lemma is_CGM_pair_rowsI:
  assumes "in_A f a" "in_A f b" "in_A f d" "a \<noteq> 0" "d \<noteq> 0"
    and "lead_coeff a = 1" "a dvd f" "lead_coeff d = 1" "d dvd f"
    and "d dvd (f div a) * b" "b = 0 \<or> degree b < degree d"
    and "span f 2 [[a, b], [0, d]] = C"
  shows "is_CGM f 2 C [[a, b], [0, d]]"
proof -
  have lead: "lidx [a, b] = 0" "lidx [0, d] = 1"
    using assms(4,5) by (simp_all add: lidx_2_first lidx_2_second)
  then have lent: "lent [a, b] = a" "lent [0, d] = d" by (simp_all add: lent_def)
  obtain k where "(f div a) * b = d * k" using assms(10) by (rule dvdE)
  then have "smul f (f div a) [a, b] = [(k * 0) mod f, (k * d) mod f]"
    using assms(7) by (simp add: mult.commute)
  then have first: "smul f (f div a) [a, b] \<in> span f 2 [[0, d]]"
    unfolding span_single_2 by blast
  have second: "smul f (f div d) [0, d] \<in> span f 2 []"
    using assms(9) by (simp add: span_Nil_2)
  have "\<forall>i<length [[a, b], [0, d]]. smul f (f div lent ([[a, b], [0, d]] ! i)) ([[a, b], [0, d]] ! i)
      \<in> span f 2 (drop (Suc i) [[a, b], [0, d]])"
    using first second by (auto simp: lent less_Suc_eq)
  moreover have "\<forall>i j. i < j \<and> j < length [[a, b], [0, d]] \<longrightarrow>
      lidx ([[a, b], [0, d]] ! i) < lidx ([[a, b], [0, d]] ! j)"
    using lead by (auto simp: less_Suc_eq)
  moreover have "\<forall>i j. j < i \<and> i < length [[a, b], [0, d]] \<longrightarrow>
      [[a, b], [0, d]] ! j ! lidx ([[a, b], [0, d]] ! i) = 0 \<or>
      degree ([[a, b], [0, d]] ! j ! lidx ([[a, b], [0, d]] ! i)) < degree (lent ([[a, b], [0, d]] ! i))"
    using lead lent assms(11) by (auto simp: less_Suc_eq)
  moreover have "\<forall>r\<in>set [[a, b], [0, d]]. r \<in> Avec f 2 \<and> (\<exists>i<2. r ! i \<noteq> 0)"
    using assms(1-5) by (auto simp: Avec_def intro: exI[of _ 0] exI[of _ 1])
  ultimately show ?thesis
    using lent assms(6-9,12) unfolding is_CGM_def by simp
qed

lemma is_CGM_span: "is_CGM f l C G \<Longrightarrow> span f l G = C"
  by (simp add: is_CGM_def)

lemma is_CGM_entries_in_A: "is_CGM f l C G \<Longrightarrow> r \<in> set G \<Longrightarrow> x \<in> set r \<Longrightarrow> in_A f x"
  by (auto simp: is_CGM_def Avec_def)

section \<open>Codes of length 2\<close>

locale code2 =
  fixes f :: "'a::field poly" and C :: "'a poly list set"
  assumes code: "is_code f 2 C"
begin

lemma codeword_cases: "v \<in> C \<Longrightarrow> \<exists>a b. v = [a, b] \<and> in_A f a \<and> in_A f b"
  using code by (auto simp: is_code_def Avec_2_iff)

lemma codeword_entries_in_A: "[a, b] \<in> C \<Longrightarrow> in_A f a \<and> in_A f b"
  using codeword_cases by blast

lemma zero_codeword: "[0, 0] \<in> C"
  using code by (simp add: is_code_def numeral_2_eq_2)

lemma lin_comb_codeword:
  assumes "[u0, u1] \<in> C" "[v0, v1] \<in> C"
  shows "[(a * u0 + b * v0) mod f, (a * u1 + b * v1) mod f] \<in> C"
proof -
  have "smul f (a mod f) [u0, u1] \<in> C" "smul f (b mod f) [v0, v1] \<in> C"
    using code assms in_A_mod unfolding is_code_def by blast+
  then have "vadd f (smul f (a mod f) [u0, u1]) (smul f (b mod f) [v0, v1]) \<in> C"
    using code unfolding is_code_def by blast
  then show ?thesis
    using mod_lin_comb_mod[of u0 a f v0 b] mod_lin_comb_mod[of u1 a f v1 b]
    by (simp add: mod_add_eq mult.commute)
qed

lemma span_single_row_eq:
  assumes row: "[1, b] \<in> C" and kernel: "\<And>k. [0, k] \<in> C \<Longrightarrow> k = 0"
  shows "span f 2 [[1, b]] = C"
proof (intro equalityI subsetI)
  fix v assume "v \<in> span f 2 [[1, b]]"
  then show "v \<in> C"
    unfolding span_single_2 using lin_comb_codeword[OF row zero_codeword, of _ 0] by auto
next
  fix v assume "v \<in> C"
  then obtain v0 v1 where v: "v = [v0, v1]" "in_A f v0" "in_A f v1"
    using codeword_cases by blast
  have "[(1 * v0 + (- v0) * 1) mod f, (1 * v1 + (- v0) * b) mod f] \<in> C"
    using lin_comb_codeword[OF \<open>v \<in> C\<close>[unfolded v(1)] row] .
  then have "(v1 - v0 * b) mod f = 0" using kernel by simp
  then have "f dvd v0 * b - v1" by (subst dvd_diff_commute) (simp add: dvd_eq_mod_eq_0)
  then have "(v0 * b) mod f = v1" by (rule in_A_mod_eqI[OF v(3)])
  moreover have "(v0 * 1) mod f = v0" using v(2) by (simp add: in_A_def)
  ultimately show "v \<in> span f 2 [[1, b]]"
    unfolding span_single_2 v(1) by force
qed

lemma span_pair_rows_eq:
  assumes row1: "[a, b] \<in> C" and row2: "[0, d] \<in> C" and "d dvd f"
    and first: "\<And>v0 v1. [v0, v1] \<in> C \<Longrightarrow> a dvd v0"
    and kernel: "\<And>k. [0, k] \<in> C \<Longrightarrow> d dvd k"
  shows "span f 2 [[a, b], [0, d]] = C"
proof (intro equalityI subsetI)
  fix v assume "v \<in> span f 2 [[a, b], [0, d]]"
  then show "v \<in> C"
    unfolding span_pair_2 using lin_comb_codeword[OF row1 row2] by auto
next
  fix v assume "v \<in> C"
  then obtain v0 v1 where v: "v = [v0, v1]" "in_A f v0" "in_A f v1"
    using codeword_cases by blast
  obtain k where k: "v0 = a * k" using first \<open>v \<in> C\<close> v(1) by (blast elim: dvdE)
  have "[(1 * v0 + (- k) * a) mod f, (1 * v1 + (- k) * b) mod f] \<in> C"
    using lin_comb_codeword[OF \<open>v \<in> C\<close>[unfolded v(1)] row1] .
  then have "[0, (v1 - k * b) mod f] \<in> C" using k by (simp add: algebra_simps)
  then have "d dvd (v1 - k * b) mod f" by (rule kernel)
  then have "d dvd v1 - k * b" using \<open>d dvd f\<close> by (simp add: dvd_mod_iff)
  then obtain l where l: "v1 - k * b = d * l" by (rule dvdE)
  have "(k * a + l * 0) mod f = v0" using v(2) k by (simp add: in_A_def mult.commute)
  moreover have "(k * b + l * d) mod f = v1"
    using v(3) l by (simp add: in_A_def algebra_simps)
  ultimately show "v \<in> span f 2 [[a, b], [0, d]]"
    unfolding span_pair_2 v(1) by blast
qed

lemma first_column_generator:
  assumes "f \<noteq> 0"
  obtains g b where "[g mod f, b] \<in> C" "lead_coeff g = 1" "g dvd f"
    "\<And>v0 v1. [v0, v1] \<in> C \<Longrightarrow> g dvd v0"
proof -
  define J where "J = {p. \<exists>b. [p mod f, b] \<in> C}"
  have "a * p + b * q \<in> J" if pq: "p \<in> J" "q \<in> J" for a b p q
  proof -
    obtain u v where "[p mod f, u] \<in> C" "[q mod f, v] \<in> C"
      using pq unfolding J_def by blast
    from lin_comb_codeword[OF this, of a b] show ?thesis
      unfolding J_def mod_lin_comb_mod by blast
  qed
  moreover have "f \<in> J" using zero_codeword unfolding J_def by auto
  ultimately obtain g where g: "g \<in> J" "lead_coeff g = 1" "\<And>p. p \<in> J \<Longrightarrow> g dvd p"
    using poly_ideal_monic_generator assms by metis
  have "v0 \<in> J" if "[v0, v1] \<in> C" for v0 v1
    using that codeword_entries_in_A[OF that] unfolding J_def in_A_def by auto
  with g \<open>f \<in> J\<close> that show ?thesis unfolding J_def by blast
qed

end

section \<open>Self-dual codes of length 2\<close>

definition single_row_self_dual_CGM :: "'a::field poly \<Rightarrow> 'a poly list set \<Rightarrow> bool" where
  "single_row_self_dual_CGM f C \<longleftrightarrow>
    (\<exists>g2. is_CGM f 2 C [[1, g2]] \<and> (g2 ^ 2) mod f = (-1) mod f)"

definition two_row_self_dual_CGM :: "'a::field poly \<Rightarrow> 'a poly list set \<Rightarrow> bool" where
  "two_row_self_dual_CGM f C \<longleftrightarrow>
    (\<exists>g1 g2 g3. is_CGM f 2 C [[g1, g2], [0, g3]] \<and>
        g1 \<noteq> 0 \<and> g3 \<noteq> 0 \<and> lead_coeff g1 = 1 \<and> lead_coeff g3 = 1 \<and>
        g1 dvd f \<and> g3 dvd f \<and> g3 dvd (f div g1) * g2 \<and>
        (g2 = 0 \<or> degree g2 < degree g3) \<and>
        (\<exists>g' f' r. g' ^ 2 = r * f' - 1 \<and> f = g1 ^ 2 * f' \<and> g3 = g1 * f' \<and> g2 = g1 * g'))"

locale self_dual_code2 = code2 +
  assumes monic: "lead_coeff f = 1" and nonconstant: "degree f \<ge> 1" and self_dual: "C = dual f 2 C"
begin

lemma modulus_nonzero: "f \<noteq> 0"
  using nonconstant by auto

lemma codewords_orthogonal:
  assumes "[u0, u1] \<in> C" "[v0, v1] \<in> C"
  shows "f dvd u0 * v0 + u1 * v1"
proof -
  have "[u0, u1] \<in> dual f 2 C" using assms(1) self_dual by simp
  then show ?thesis using assms(2) unfolding dual_2_iff by force
qed

lemma codeword_if_orthogonal:
  assumes "in_A f a" "in_A f b" "\<And>v0 v1. [v0, v1] \<in> C \<Longrightarrow> f dvd a * v0 + b * v1"
  shows "[a, b] \<in> C"
proof -
  have "f dvd a * c ! 0 + b * c ! 1" if "c \<in> C" for c
    using codeword_cases[OF that] assms(3) that by auto
  then have "[a, b] \<in> dual f 2 C" using assms(1,2) unfolding dual_2_iff by blast
  then show ?thesis using self_dual by simp
qed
———
_REQUIRED ACTION_
Among the entries, work out how many lines include the word "moreover". Answer with that number only.

_OUTPUT FOR THIS TASK_
6